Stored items
⁂
lemma n_convex_on_exists_poly_sign:
  assumes "c \<in> interior J" "n_convex_on m (J - {c}) f"
  shows "\<exists>q. degree q \<le> m \<and> (\<forall>x\<in>J - {c}. 0 \<le> (x - c) ^ Suc m * (f x - poly q x))"
proof -
  obtain r where "0 < r" "ball c r \<subseteq> J" using assms(1) by (meson mem_interior)
  then have nbhd: "{c - r<..<c + r} - {c} \<subseteq> J - {c}" and "c \<in> J"
    by (auto simp: subset_iff dist_real_def abs_less_iff)
  show ?thesis using assms(2)
  proof (induction m arbitrary: f)
    case 0
    let ?A = "f ` {y \<in> J - {c}. y < c}"
    have "c - r/2 \<in> {c - r<..<c + r} - {c}" "c + r/2 \<in> {c - r<..<c + r} - {c}"
      using \<open>0 < r\<close> by auto
    with nbhd have "c - r/2 \<in> J - {c}" "c + r/2 \<in> J - {c}" by blast+
    then have "?A \<noteq> {}" and bdd: "bdd_above ?A"
      using n_convex_on_zero_mono [OF "0.prems"] \<open>0 < r\<close>
      by (auto intro!: bdd_aboveI2 [where M = "f (c + r/2)"])
    define a where "a = Sup ?A"
    have "0 \<le> (x - c) ^ Suc 0 * (f x - poly [:a:] x)" if x: "x \<in> J - {c}" for x
    proof (cases "x < c")
      case True
      then have "f x \<le> a" unfolding a_def using bdd x by (intro cSup_upper) auto
      with True show ?thesis by (simp add: mult_nonpos_nonpos)
    next
      case False
      then have "c < x" using x by auto
      then have "a \<le> f x"
        unfolding a_def using \<open>?A \<noteq> {}\<close> n_convex_on_zero_mono [OF "0.prems" _ x] by (intro cSup_least) auto
      with \<open>c < x\<close> show ?thesis by simp
    qed
    then show ?case by (intro exI [of _ "[:a:]"]) simp
  next
    case (Suc m)
    obtain a where "n_convex_on (Suc m) (insert c (J - {c})) (f(c := a))"
      using n_convex_on_fun_upd [OF Suc.prems _ _ nbhd \<open>0 < r\<close>] by auto
    moreover define H where "H = f(c := a)"
    ultimately have "n_convex_on (Suc m) J H"
      using \<open>c \<in> J\<close> by (simp add: insert_absorb)
    then have "n_convex_on m (J - {c}) (\<lambda>x. (H x - H c) / (x - c))"
      using \<open>c \<in> J\<close> by (rule n_convex_on_slope)
    then obtain q where "degree q \<le> m"
      "\<forall>x\<in>J - {c}. 0 \<le> (x - c) ^ Suc m * ((H x - H c) / (x - c) - poly q x)"
      using Suc.IH by blast
    then obtain p where "degree p \<le> Suc m" "\<forall>x\<in>J - {c}. 0 \<le> (x - c) ^ Suc (Suc m) * (H x - poly p x)"
      using poly_sign_from_slope [of c "J - {c}" q m H] by blast
    then show ?case by (auto simp: H_def)
  qed
qed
⁂
Copy each line above that contains the word "unfolding".

## RESPONSE
      then have "f x \<le> a" unfolding a_def using bdd x by (intro cSup_upper) auto
        unfolding a_def using \<open>?A \<noteq> {}\<close> n_convex_on_zero_mono [OF "0.prems" _ x] by (intro cSup_least) auto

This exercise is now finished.